> [MATERIAL FOR THE TASK]:
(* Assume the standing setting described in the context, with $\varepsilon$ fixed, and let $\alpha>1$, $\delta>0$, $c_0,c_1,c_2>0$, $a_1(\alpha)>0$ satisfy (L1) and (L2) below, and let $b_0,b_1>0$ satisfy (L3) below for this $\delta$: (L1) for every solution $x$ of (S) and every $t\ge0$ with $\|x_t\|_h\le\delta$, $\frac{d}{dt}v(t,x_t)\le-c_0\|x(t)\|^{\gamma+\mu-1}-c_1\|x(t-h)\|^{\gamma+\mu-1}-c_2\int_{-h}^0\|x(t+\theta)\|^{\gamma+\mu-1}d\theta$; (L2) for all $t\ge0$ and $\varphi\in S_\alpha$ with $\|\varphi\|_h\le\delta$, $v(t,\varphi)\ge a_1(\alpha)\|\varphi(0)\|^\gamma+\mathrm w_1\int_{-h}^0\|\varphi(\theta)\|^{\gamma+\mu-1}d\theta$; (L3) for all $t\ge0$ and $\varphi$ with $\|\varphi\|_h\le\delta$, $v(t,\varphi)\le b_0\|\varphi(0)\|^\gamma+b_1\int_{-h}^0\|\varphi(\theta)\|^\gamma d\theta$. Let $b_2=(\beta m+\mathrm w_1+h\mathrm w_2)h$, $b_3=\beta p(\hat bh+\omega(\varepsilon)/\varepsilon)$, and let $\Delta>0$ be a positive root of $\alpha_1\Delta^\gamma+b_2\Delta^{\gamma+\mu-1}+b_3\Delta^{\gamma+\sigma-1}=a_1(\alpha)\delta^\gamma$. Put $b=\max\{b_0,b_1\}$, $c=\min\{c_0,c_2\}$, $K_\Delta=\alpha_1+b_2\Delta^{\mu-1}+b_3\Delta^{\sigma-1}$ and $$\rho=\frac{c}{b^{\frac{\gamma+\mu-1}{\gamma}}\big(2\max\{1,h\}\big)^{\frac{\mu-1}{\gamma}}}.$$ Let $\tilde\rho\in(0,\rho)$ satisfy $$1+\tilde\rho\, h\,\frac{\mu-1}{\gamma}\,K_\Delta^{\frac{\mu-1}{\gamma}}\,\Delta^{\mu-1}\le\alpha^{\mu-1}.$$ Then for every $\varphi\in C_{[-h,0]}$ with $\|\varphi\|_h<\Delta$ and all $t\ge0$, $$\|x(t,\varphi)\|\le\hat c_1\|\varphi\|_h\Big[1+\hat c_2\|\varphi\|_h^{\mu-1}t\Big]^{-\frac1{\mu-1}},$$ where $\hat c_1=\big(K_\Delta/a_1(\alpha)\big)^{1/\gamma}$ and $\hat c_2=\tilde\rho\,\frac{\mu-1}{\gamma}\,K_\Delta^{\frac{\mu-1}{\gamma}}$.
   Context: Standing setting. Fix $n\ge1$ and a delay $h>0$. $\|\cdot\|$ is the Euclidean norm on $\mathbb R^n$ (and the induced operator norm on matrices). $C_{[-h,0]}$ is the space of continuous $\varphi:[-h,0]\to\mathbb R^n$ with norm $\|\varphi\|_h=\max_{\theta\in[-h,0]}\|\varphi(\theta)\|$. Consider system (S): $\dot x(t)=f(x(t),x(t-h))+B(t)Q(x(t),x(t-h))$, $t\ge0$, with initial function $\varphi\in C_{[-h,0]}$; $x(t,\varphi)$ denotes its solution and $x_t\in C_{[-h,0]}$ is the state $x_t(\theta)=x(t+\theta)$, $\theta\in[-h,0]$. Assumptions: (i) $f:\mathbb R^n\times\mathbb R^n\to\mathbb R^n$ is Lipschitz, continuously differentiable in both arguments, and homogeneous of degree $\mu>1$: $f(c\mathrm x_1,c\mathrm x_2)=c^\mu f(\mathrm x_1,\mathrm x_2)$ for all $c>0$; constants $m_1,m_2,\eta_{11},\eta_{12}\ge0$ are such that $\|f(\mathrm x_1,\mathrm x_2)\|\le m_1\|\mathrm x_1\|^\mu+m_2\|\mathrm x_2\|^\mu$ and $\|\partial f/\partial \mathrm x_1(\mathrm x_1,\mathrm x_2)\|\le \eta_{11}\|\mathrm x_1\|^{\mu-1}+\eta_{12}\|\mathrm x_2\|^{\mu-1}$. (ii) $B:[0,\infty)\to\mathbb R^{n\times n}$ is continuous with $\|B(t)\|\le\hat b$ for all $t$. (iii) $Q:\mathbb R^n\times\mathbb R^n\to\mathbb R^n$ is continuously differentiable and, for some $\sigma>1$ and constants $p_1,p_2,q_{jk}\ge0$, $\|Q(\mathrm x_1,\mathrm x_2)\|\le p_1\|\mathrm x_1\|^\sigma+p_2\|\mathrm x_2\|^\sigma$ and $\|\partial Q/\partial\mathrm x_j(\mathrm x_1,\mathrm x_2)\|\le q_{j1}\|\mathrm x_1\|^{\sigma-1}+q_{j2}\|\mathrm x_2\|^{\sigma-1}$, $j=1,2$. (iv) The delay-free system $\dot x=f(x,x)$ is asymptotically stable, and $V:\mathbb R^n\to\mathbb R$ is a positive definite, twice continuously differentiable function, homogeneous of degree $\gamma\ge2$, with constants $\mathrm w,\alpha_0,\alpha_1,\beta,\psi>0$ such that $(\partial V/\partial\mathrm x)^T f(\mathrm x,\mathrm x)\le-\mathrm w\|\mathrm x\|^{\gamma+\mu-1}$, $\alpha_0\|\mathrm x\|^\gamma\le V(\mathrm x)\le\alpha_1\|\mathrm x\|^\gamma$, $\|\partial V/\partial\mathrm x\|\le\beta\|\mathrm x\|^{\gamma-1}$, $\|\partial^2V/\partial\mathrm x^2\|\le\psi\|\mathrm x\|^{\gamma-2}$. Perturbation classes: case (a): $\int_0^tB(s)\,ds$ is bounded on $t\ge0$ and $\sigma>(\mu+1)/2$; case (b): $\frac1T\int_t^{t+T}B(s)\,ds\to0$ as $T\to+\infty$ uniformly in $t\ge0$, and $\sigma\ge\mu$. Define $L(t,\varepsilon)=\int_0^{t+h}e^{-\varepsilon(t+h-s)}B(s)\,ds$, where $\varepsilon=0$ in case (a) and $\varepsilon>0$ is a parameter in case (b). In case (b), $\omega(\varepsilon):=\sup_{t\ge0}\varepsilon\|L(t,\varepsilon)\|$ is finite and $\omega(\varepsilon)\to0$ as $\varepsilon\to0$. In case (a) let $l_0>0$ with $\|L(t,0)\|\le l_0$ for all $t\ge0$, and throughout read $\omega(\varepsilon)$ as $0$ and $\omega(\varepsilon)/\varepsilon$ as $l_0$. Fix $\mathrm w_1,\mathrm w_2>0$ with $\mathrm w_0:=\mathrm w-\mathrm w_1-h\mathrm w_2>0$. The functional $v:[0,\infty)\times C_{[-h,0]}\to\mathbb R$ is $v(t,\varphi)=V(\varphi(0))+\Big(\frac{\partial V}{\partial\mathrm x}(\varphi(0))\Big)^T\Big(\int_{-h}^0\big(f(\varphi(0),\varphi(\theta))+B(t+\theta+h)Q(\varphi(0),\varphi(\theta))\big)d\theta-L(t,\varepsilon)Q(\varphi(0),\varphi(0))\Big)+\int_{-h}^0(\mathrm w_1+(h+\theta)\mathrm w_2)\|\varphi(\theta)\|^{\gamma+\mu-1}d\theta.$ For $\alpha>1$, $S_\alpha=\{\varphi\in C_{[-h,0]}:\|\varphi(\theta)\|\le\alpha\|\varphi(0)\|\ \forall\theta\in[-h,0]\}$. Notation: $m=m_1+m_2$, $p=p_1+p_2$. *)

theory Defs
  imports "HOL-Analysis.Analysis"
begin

> [INSTRUCTIONS TO FOLLOW]: Exactly the lines from the one containing "theory Defs" through the final line of the records above are needed, copied word for word.

> [ANSWER BELOW]:
theory Defs
  imports "HOL-Analysis.Analysis"
begin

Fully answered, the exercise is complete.